### Exercise details
A word-for-word copy of the listing is needed. Retype it in full.

== Segment start ==

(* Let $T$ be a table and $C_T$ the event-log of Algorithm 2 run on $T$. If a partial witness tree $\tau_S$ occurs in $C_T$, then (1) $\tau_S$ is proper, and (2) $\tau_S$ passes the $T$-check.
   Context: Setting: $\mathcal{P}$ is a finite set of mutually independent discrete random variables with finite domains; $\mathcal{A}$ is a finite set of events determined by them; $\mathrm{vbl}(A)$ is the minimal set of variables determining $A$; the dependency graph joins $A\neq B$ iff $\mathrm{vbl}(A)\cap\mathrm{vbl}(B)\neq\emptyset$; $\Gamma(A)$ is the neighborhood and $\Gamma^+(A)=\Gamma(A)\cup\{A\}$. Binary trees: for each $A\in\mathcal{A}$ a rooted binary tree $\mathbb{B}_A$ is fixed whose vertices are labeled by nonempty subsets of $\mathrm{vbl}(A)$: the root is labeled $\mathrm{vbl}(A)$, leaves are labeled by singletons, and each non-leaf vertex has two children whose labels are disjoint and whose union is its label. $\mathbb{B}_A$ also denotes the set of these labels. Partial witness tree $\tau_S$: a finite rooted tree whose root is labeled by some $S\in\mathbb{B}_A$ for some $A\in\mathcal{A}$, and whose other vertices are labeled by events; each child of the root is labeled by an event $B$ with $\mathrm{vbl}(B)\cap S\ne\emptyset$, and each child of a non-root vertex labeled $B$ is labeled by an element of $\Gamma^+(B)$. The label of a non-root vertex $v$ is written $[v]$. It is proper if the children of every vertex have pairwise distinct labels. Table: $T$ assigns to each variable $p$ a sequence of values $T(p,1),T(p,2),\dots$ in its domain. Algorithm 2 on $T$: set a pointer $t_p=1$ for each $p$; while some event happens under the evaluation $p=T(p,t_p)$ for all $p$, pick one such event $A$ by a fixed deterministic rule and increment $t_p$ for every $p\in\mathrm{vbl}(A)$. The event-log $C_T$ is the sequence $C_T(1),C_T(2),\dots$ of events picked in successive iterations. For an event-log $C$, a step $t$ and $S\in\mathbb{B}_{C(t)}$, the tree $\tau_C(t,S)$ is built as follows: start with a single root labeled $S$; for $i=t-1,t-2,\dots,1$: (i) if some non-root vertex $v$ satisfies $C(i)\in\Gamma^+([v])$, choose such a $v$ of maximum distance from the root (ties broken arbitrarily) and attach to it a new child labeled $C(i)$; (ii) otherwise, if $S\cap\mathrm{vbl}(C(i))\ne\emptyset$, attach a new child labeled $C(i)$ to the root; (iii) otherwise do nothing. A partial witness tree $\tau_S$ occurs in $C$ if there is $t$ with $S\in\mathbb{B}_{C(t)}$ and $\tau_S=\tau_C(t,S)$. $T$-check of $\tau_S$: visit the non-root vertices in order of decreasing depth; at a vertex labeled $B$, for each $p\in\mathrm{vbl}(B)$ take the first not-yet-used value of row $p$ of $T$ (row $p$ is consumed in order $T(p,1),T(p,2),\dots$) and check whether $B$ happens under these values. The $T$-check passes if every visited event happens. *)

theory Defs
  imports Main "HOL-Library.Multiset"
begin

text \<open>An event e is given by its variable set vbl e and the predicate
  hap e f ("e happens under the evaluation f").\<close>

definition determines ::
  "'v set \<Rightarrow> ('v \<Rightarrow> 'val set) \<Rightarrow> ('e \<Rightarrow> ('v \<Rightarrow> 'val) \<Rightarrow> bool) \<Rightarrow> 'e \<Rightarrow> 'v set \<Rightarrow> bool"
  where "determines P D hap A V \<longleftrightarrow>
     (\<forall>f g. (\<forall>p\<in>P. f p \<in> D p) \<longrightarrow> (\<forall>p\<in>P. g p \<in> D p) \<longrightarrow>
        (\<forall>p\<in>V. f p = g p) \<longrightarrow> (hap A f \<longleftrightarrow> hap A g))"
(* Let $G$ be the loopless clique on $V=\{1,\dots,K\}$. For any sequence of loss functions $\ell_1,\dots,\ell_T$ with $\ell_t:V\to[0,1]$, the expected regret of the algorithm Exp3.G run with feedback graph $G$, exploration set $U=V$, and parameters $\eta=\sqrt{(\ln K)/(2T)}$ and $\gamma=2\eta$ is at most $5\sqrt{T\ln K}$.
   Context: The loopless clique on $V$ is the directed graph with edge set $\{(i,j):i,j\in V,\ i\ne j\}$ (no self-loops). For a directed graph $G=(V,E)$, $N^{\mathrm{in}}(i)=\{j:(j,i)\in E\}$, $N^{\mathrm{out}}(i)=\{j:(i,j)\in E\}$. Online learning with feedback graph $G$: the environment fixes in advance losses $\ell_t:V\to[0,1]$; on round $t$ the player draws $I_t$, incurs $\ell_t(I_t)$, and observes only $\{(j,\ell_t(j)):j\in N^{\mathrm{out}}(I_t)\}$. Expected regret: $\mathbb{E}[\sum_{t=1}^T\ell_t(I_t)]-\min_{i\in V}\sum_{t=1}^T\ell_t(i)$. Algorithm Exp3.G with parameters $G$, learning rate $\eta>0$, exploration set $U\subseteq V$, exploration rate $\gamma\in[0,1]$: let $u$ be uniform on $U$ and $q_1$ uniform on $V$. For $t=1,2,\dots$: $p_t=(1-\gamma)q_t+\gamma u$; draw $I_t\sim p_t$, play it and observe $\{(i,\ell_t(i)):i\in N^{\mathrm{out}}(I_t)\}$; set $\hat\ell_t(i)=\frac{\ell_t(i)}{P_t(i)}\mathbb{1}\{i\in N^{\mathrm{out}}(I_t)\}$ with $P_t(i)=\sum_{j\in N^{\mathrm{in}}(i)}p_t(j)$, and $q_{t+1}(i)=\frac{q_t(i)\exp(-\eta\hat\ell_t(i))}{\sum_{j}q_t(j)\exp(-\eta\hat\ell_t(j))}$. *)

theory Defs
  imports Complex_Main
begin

== Segment end ==

### Task response
(* Let $T$ be a table and $C_T$ the event-log of Algorithm 2 run on $T$. If a partial witness tree $\tau_S$ occurs in $C_T$, then (1) $\tau_S$ is proper, and (2) $\tau_S$ passes the $T$-check.
   Context: Setting: $\mathcal{P}$ is a finite set of mutually independent discrete random variables with finite domains; $\mathcal{A}$ is a finite set of events determined by them; $\mathrm{vbl}(A)$ is the minimal set of variables determining $A$; the dependency graph joins $A\neq B$ iff $\mathrm{vbl}(A)\cap\mathrm{vbl}(B)\neq\emptyset$; $\Gamma(A)$ is the neighborhood and $\Gamma^+(A)=\Gamma(A)\cup\{A\}$. Binary trees: for each $A\in\mathcal{A}$ a rooted binary tree $\mathbb{B}_A$ is fixed whose vertices are labeled by nonempty subsets of $\mathrm{vbl}(A)$: the root is labeled $\mathrm{vbl}(A)$, leaves are labeled by singletons, and each non-leaf vertex has two children whose labels are disjoint and whose union is its label. $\mathbb{B}_A$ also denotes the set of these labels. Partial witness tree $\tau_S$: a finite rooted tree whose root is labeled by some $S\in\mathbb{B}_A$ for some $A\in\mathcal{A}$, and whose other vertices are labeled by events; each child of the root is labeled by an event $B$ with $\mathrm{vbl}(B)\cap S\ne\emptyset$, and each child of a non-root vertex labeled $B$ is labeled by an element of $\Gamma^+(B)$. The label of a non-root vertex $v$ is written $[v]$. It is proper if the children of every vertex have pairwise distinct labels. Table: $T$ assigns to each variable $p$ a sequence of values $T(p,1),T(p,2),\dots$ in its domain. Algorithm 2 on $T$: set a pointer $t_p=1$ for each $p$; while some event happens under the evaluation $p=T(p,t_p)$ for all $p$, pick one such event $A$ by a fixed deterministic rule and increment $t_p$ for every $p\in\mathrm{vbl}(A)$. The event-log $C_T$ is the sequence $C_T(1),C_T(2),\dots$ of events picked in successive iterations. For an event-log $C$, a step $t$ and $S\in\mathbb{B}_{C(t)}$, the tree $\tau_C(t,S)$ is built as follows: start with a single root labeled $S$; for $i=t-1,t-2,\dots,1$: (i) if some non-root vertex $v$ satisfies $C(i)\in\Gamma^+([v])$, choose such a $v$ of maximum distance from the root (ties broken arbitrarily) and attach to it a new child labeled $C(i)$; (ii) otherwise, if $S\cap\mathrm{vbl}(C(i))\ne\emptyset$, attach a new child labeled $C(i)$ to the root; (iii) otherwise do nothing. A partial witness tree $\tau_S$ occurs in $C$ if there is $t$ with $S\in\mathbb{B}_{C(t)}$ and $\tau_S=\tau_C(t,S)$. $T$-check of $\tau_S$: visit the non-root vertices in order of decreasing depth; at a vertex labeled $B$, for each $p\in\mathrm{vbl}(B)$ take the first not-yet-used value of row $p$ of $T$ (row $p$ is consumed in order $T(p,1),T(p,2),\dots$) and check whether $B$ happens under these values. The $T$-check passes if every visited event happens. *)

theory Defs
  imports Main "HOL-Library.Multiset"
begin

text \<open>An event e is given by its variable set vbl e and the predicate
  hap e f ("e happens under the evaluation f").\<close>

definition determines ::
  "'v set \<Rightarrow> ('v \<Rightarrow> 'val set) \<Rightarrow> ('e \<Rightarrow> ('v \<Rightarrow> 'val) \<Rightarrow> bool) \<Rightarrow> 'e \<Rightarrow> 'v set \<Rightarrow> bool"
  where "determines P D hap A V \<longleftrightarrow>
     (\<forall>f g. (\<forall>p\<in>P. f p \<in> D p) \<longrightarrow> (\<forall>p\<in>P. g p \<in> D p) \<longrightarrow>
        (\<forall>p\<in>V. f p = g p) \<longrightarrow> (hap A f \<longleftrightarrow> hap A g))"
(* Let $G$ be the loopless clique on $V=\{1,\dots,K\}$. For any sequence of loss functions $\ell_1,\dots,\ell_T$ with $\ell_t:V\to[0,1]$, the expected regret of the algorithm Exp3.G run with feedback graph $G$, exploration set $U=V$, and parameters $\eta=\sqrt{(\ln K)/(2T)}$ and $\gamma=2\eta$ is at most $5\sqrt{T\ln K}$.
   Context: The loopless clique on $V$ is the directed graph with edge set $\{(i,j):i,j\in V,\ i\ne j\}$ (no self-loops). For a directed graph $G=(V,E)$, $N^{\mathrm{in}}(i)=\{j:(j,i)\in E\}$, $N^{\mathrm{out}}(i)=\{j:(i,j)\in E\}$. Online learning with feedback graph $G$: the environment fixes in advance losses $\ell_t:V\to[0,1]$; on round $t$ the player draws $I_t$, incurs $\ell_t(I_t)$, and observes only $\{(j,\ell_t(j)):j\in N^{\mathrm{out}}(I_t)\}$. Expected regret: $\mathbb{E}[\sum_{t=1}^T\ell_t(I_t)]-\min_{i\in V}\sum_{t=1}^T\ell_t(i)$. Algorithm Exp3.G with parameters $G$, learning rate $\eta>0$, exploration set $U\subseteq V$, exploration rate $\gamma\in[0,1]$: let $u$ be uniform on $U$ and $q_1$ uniform on $V$. For $t=1,2,\dots$: $p_t=(1-\gamma)q_t+\gamma u$; draw $I_t\sim p_t$, play it and observe $\{(i,\ell_t(i)):i\in N^{\mathrm{out}}(I_t)\}$; set $\hat\ell_t(i)=\frac{\ell_t(i)}{P_t(i)}\mathbb{1}\{i\in N^{\mathrm{out}}(I_t)\}$ with $P_t(i)=\sum_{j\in N^{\mathrm{in}}(i)}p_t(j)$, and $q_{t+1}(i)=\frac{q_t(i)\exp(-\eta\hat\ell_t(i))}{\sum_{j}q_t(j)\exp(-\eta\hat\ell_t(j))}$. *)

theory Defs
  imports Complex_Main
begin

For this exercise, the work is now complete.